#### Dataset records:
lemma potential_sum_step:
  assumes "0 < m" and "0 < b"
    and split: "\<forall>h\<in>H. (R1 h = R h \<and> R2 h = R h - 1) \<or> (R1 h = R h - 1 \<and> R2 h = R h)"
    and dashed: "1 \<le> (\<Sum>h\<in>H. potential (m - 1) b (R1 h))"
    and solid: "1 \<le> (\<Sum>h\<in>H. potential (m - 1) (b - 1) (R2 h))"
  shows "1 \<le> (\<Sum>h\<in>H. potential m b (R h))"
proof -
  define \<mu> where "\<mu> = min 1 (real b / real m)"
  have \<mu>: "0 \<le> \<mu>" "\<mu> \<le> 1"
    by (simp_all add: \<mu>_def)
  have "1 = (1 - \<mu>) * 1 + \<mu> * 1"
    by simp
  also have "\<dots> \<le> (1 - \<mu>) * (\<Sum>h\<in>H. potential (m - 1) b (R1 h))
            + \<mu> * (\<Sum>h\<in>H. potential (m - 1) (b - 1) (R2 h))"
    using \<mu> dashed solid by (intro add_mono mult_left_mono) auto
  also have "\<dots> = (\<Sum>h\<in>H. (1 - \<mu>) * potential (m - 1) b (R1 h)
                           + \<mu> * potential (m - 1) (b - 1) (R2 h))"
    by (simp add: sum_distrib_left sum.distrib)
  also have "\<dots> \<le> (\<Sum>h\<in>H. potential m b (R h))"
    using split potential_superharmonic[OF \<open>0 < m\<close> \<open>0 < b\<close>]
    by (intro sum_mono) (auto simp: \<mu>_def)
  finally show ?thesis .
qed

definition flip_on :: "'x set \<Rightarrow> ('x \<Rightarrow> int) \<Rightarrow> 'x \<Rightarrow> int" where
  "flip_on D h = (\<lambda>x. h x * (1 - 2 * (if x \<in> D then 1 else 0)))"

lemma mem_classHlE:
  assumes "g \<in> classHl H l"
  obtains h D where "h \<in> H" "finite D" "card D \<le> l" "g = flip_on D h"
  using assms unfolding classHl_def classC_def flip_on_def by blast

lemma emt_ok_consistent: "emt_ok F P t \<Longrightarrow> \<exists>g\<in>F. P g"
  by (induction t arbitrary: P) auto

text \<open>\<open>P\<close> collects the edge labels along the path so far and \<open>V\<close> its points; \<open>R h\<close> bounds
  from below the number of corrections that any path-consistent \<open>flip_on D h\<close> makes off \<open>V\<close>.\<close>

definition budget_invariant ::
    "('x \<Rightarrow> int) set \<Rightarrow> nat \<Rightarrow> (('x \<Rightarrow> int) \<Rightarrow> bool) \<Rightarrow> (('x \<Rightarrow> int) \<Rightarrow> int) \<Rightarrow> 'x set \<Rightarrow> bool"
  where "budget_invariant H l P R V \<longleftrightarrow>
    (\<forall>h\<in>H. \<forall>D. finite D \<longrightarrow> P (flip_on D h) \<longrightarrow> int l - int (card (D \<inter> V)) \<le> R h)"

definition determined_on :: "(('x \<Rightarrow> int) \<Rightarrow> bool) \<Rightarrow> 'x set \<Rightarrow> bool" where
  "determined_on P V \<longleftrightarrow> (\<forall>y\<in>V. \<exists>v. \<forall>g. P g \<longrightarrow> g y = v)"

lemma budget_invariant_nonneg:
  assumes "emt_ok (classHl H l) P t" and "budget_invariant H l P R V"
  shows "\<exists>h\<in>H. 0 \<le> R h"
proof -
  obtain h D where "h \<in> H" "finite D" "card D \<le> l" "P (flip_on D h)"
    using emt_ok_consistent[OF assms(1)] by (metis mem_classHlE)
  moreover have "card (D \<inter> V) \<le> card D"
    using \<open>finite D\<close> by (simp add: card_mono)
  ultimately show ?thesis
    using assms(2) unfolding budget_invariant_def by force
qed

lemma budget_invariant_child:
  assumes H: "\<forall>h\<in>H. \<forall>x. h x \<in> {-1, 1}"
    and inv: "budget_invariant H l P R V" and "x \<notin> V" and "v \<in> {-1, 1}"
  shows "budget_invariant H l (\<lambda>g. P g \<and> g x = v)
           (\<lambda>h. if h x = v then R h else R h - 1) (insert x V)"
  unfolding budget_invariant_def
proof (intro ballI allI impI)
  fix h D
  assume "h \<in> H" and "finite D" and P: "P (flip_on D h) \<and> flip_on D h x = v"
  then have IH: "int l - int (card (D \<inter> V)) \<le> R h"
    using inv unfolding budget_invariant_def by blast
  have "h x \<in> {-1, 1}"
    using H \<open>h \<in> H\<close> by blast
  then have "x \<in> D \<longleftrightarrow> h x \<noteq> v"
    using P \<open>v \<in> {-1, 1}\<close> by (auto simp: flip_on_def split: if_splits)
  moreover have "card (D \<inter> insert x V) = (if x \<in> D then Suc (card (D \<inter> V)) else card (D \<inter> V))"
    using \<open>finite D\<close> \<open>x \<notin> V\<close> by auto
  ultimately show "int l - int (card (D \<inter> insert x V)) \<le> (if h x = v then R h else R h - 1)"
    using IH by auto
qed

lemma determined_on_child:
  "determined_on P V \<Longrightarrow> determined_on (\<lambda>g. P g \<and> g x = v) (insert x V)"
  unfolding determined_on_def by blast

lemma node_point_not_determined:
  assumes "emt_ok F (\<lambda>g. P g \<and> g x = -1) lt" and "emt_ok F (\<lambda>g. P g \<and> g x = 1) rt"
    and "determined_on P V"
  shows "x \<notin> V"
proof
  assume "x \<in> V"
  then obtain v where "\<forall>g. P g \<longrightarrow> g x = v"
    using assms(3) unfolding determined_on_def by blast
  moreover obtain g1 g2 where "P g1" "g1 x = -1" "P g2" "g2 x = 1"
    using emt_ok_consistent[OF assms(1)] emt_ok_consistent[OF assms(2)] by blast
  ultimately have "-1 = (1::int)"
    by metis
  then show False
    by simp
qed

lemma potential_sum_ge_1_trivial:
  assumes "finite H" and "emt_ok (classHl H l) P t" and "budget_invariant H l P R V"
    and "b = 0 \<or> m = 0"
  shows "1 \<le> (\<Sum>h\<in>H. potential m b (R h))"
proof -
  obtain h where "h \<in> H" "0 \<le> R h"
    using budget_invariant_nonneg[OF assms(2,3)] by blast
  then have "potential m b (R h) = 1"
    using assms(4) by (auto intro: potential_eq_1)
  moreover have "potential m b (R h) \<le> (\<Sum>h\<in>H. potential m b (R h))"
    using \<open>h \<in> H\<close> \<open>finite H\<close> by (intro member_le_sum potential_nonneg)
  ultimately show ?thesis
    by simp
qed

#### Description of the task:
Every line of the data above that includes "unfolding" should be listed.

#### Exercise solution:
  using assms unfolding classHl_def classC_def flip_on_def by blast
    using assms(2) unfolding budget_invariant_def by force
  unfolding budget_invariant_def
    using inv unfolding budget_invariant_def by blast
  unfolding determined_on_def by blast
    using assms(3) unfolding determined_on_def by blast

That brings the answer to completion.